Ensconced in a holiday setting labeled Santa’s Zoo Workshop are Velvet, Belle, Jingle and Noel. Their names -- also part of the zoo gig; they acquired them upon arrival -- are painted in Hollywood Walk of Fame-type stars on the ground outside the enclosure. Towering over the scene are palm trees festooned in garlands.

On Friday -- the opening day of their zoo stay, which will last until Jan. 1, 2006 -- the adult females, outfitted with red halters over their snouts, ambled around their exhibit making a clicking sound, the result of a tendon that rubs across a bone in the foot. What looked like skinny pieces of dark beef jerky dangled from the branches of some of their antlers. It’s called velvet, a leathery skin that is shed from the bone of their chandelier-like appendages.

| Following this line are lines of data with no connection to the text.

(* There exist absolute constants $c>0$ and $n_0$ such that for every integer $n\ge n_0$ and every $\varepsilon$ with $n^{-1/3} < \varepsilon < 1/2$, there exists an $n$-point set $X \subset \mathbb{R}$ such that every simultaneous $\varepsilon$-coreset of $X$ for $p$-Centrum with $k=1$ has size at least $c\,\varepsilon^{-1/2}\log n$.
   Context: For a finite multiset $Y\subset\mathbb{R}$ and a point $c\in\mathbb{R}$, $\mathrm{cost}_p(Y,c)$ is the sum of the $p$ largest values among $\{|y-c|\}_{y\in Y}$ (with multiplicity; the sum of all of them if $|Y|<p$). A coreset is a finite set of points with positive integer weights, viewed as a multiset; its size is the number of distinct points. A multiset $D\subset \mathbb{R}$ is a simultaneous $\varepsilon$-coreset of $X$ (with $|X|=n$) for $p$-Centrum with $k=1$ if for every $p\in\{1,\dots,n\}$ and every $c\in\mathbb{R}$, $(1-\varepsilon)\mathrm{cost}_p(X,c)\le\mathrm{cost}_p(D,c)\le(1+\varepsilon)\mathrm{cost}_p(X,c)$. *)

theory Defs
  imports Complex_Main "HOL-Library.Multiset"
begin

definition cost :: "nat \<Rightarrow> real multiset \<Rightarrow> real \<Rightarrow> real" where
  "cost p Y c = sum_list (take p (rev (sorted_list_of_multiset (image_mset (\<lambda>y. \<bar>y - c\<bar>) Y))))"

text \<open>A coreset is a multiset (finite, positive integer weights); its size is the number of
  distinct points.\<close>
definition coreset_size :: "real multiset \<Rightarrow> nat" where
  "coreset_size D = card (set_mset D)"

definition simultaneous_coreset :: "real \<Rightarrow> real set \<Rightarrow> real multiset \<Rightarrow> bool" where
  "simultaneous_coreset eps X D \<longleftrightarrow>
     (\<forall>p\<in>{1..card X}. \<forall>c::real.
        (1 - eps) * cost p (mset_set X) c \<le> cost p D c \<and>
        cost p D c \<le> (1 + eps) * cost p (mset_set X) c)"

end

theory Submission
  imports Defs
begin

(* The hard instance is X = {sqrt i - sqrt (i - 1) | 1 <= i <= n}: its p largest distances from the
   origin sum to sqrt p.  For a coreset D let E i be the (i+1)-st largest distance of D from the
   origin (0 once D is exhausted), so that the partial sums of E approximate sqrt p within a factor
   1 +- eps for every p <= n.  If E were constant on a window [u, w) with v >= s^2 u and w >= s^2 v,
   where s = 1 + 8 sqrt eps, these partial sums would be affine on [u, w], which the concavity of
   sqrt forbids at v.  About ln n / sqrt eps disjoint such windows fit along the geometric sequence
   T s^(5 k) below n, so E takes that many distinct values, each of which is 0 or the distance of a
   point of D. *)

definition dists_desc :: "real multiset \<Rightarrow> real \<Rightarrow> real list" where
  "dists_desc Y c = rev (sorted_list_of_multiset (image_mset (\<lambda>y. \<bar>y - c\<bar>) Y))"

definition ranked_dist :: "real multiset \<Rightarrow> real \<Rightarrow> nat \<Rightarrow> real" where
  "ranked_dist Y c i = (if i < length (dists_desc Y c) then dists_desc Y c ! i else 0)"

lemma sum_list_take_eq_sum_padded:
  "sum_list (take p xs) = (\<Sum>i<p. if i < length xs then xs ! i else (0::'a::comm_monoid_add))"
proof (induction p)
  case (Suc p)
  then show ?case by (cases "p < length xs") (simp_all add: take_Suc_conv_app_nth)
qed simp

lemma cost_eq_sum_ranked_dist: "cost p Y c = (\<Sum>i<p. ranked_dist Y c i)"
  unfolding cost_def ranked_dist_def dists_desc_def by (rule sum_list_take_eq_sum_padded)

lemma ranked_dist_mem: "ranked_dist Y c i \<in> insert 0 ((\<lambda>y. \<bar>y - c\<bar>) ` set_mset Y)"
proof -
  have "set (dists_desc Y c) = (\<lambda>y. \<bar>y - c\<bar>) ` set_mset Y" by (simp add: dists_desc_def)
  then show ?thesis unfolding ranked_dist_def by (auto dest: nth_mem)
qed

lemma ranked_dist_nonneg: "0 \<le> ranked_dist Y c i"
  using ranked_dist_mem[of Y c i] by auto

lemma antimono_ranked_dist: "antimono (ranked_dist Y c)"
proof (rule antimonoI)
  fix i j :: nat
  assume "i \<le> j"
  have "sorted (rev (dists_desc Y c))" by (simp add: dists_desc_def)
  then show "ranked_dist Y c j \<le> ranked_dist Y c i"
    using \<open>i \<le> j\<close> ranked_dist_nonneg[of Y c i]
    by (auto simp: ranked_dist_def intro: sorted_rev_nth_mono)
qed

lemma card_image_ranked_dist_le: "card (ranked_dist Y c ` A) \<le> Suc (card (set_mset Y))"
proof -
  have "ranked_dist Y c ` A \<subseteq> insert 0 ((\<lambda>y. \<bar>y - c\<bar>) ` set_mset Y)"
    using ranked_dist_mem by (simp add: image_subset_iff)
  then have "card (ranked_dist Y c ` A) \<le> card (insert 0 ((\<lambda>y. \<bar>y - c\<bar>) ` set_mset Y))"
    by (simp add: card_mono)
  also have "\<dots> \<le> Suc (card ((\<lambda>y. \<bar>y - c\<bar>) ` set_mset Y))" by (simp add: card_insert_if)
  also have "\<dots> \<le> Suc (card (set_mset Y))" using card_image_le[of "set_mset Y"] by simp
  finally show ?thesis .
qed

Reindeer are not huge. These stand about 4 feet tall, and their antlers spread about 1 1/2 feet wide and 2 feet high.

As the reindeer munched on tubs of hay, they did not hesitate to thrust their racks of antlers -- yes, that is the correct term -- at one another to tussle briefly over food. But because Belle was constantly forced away, zookeepers separated her from the others. She lounged in an adjacent corral by herself.

“It’s just a dominance thing,” said Kelly Smith, the animal keeper who will spend much of the day with them.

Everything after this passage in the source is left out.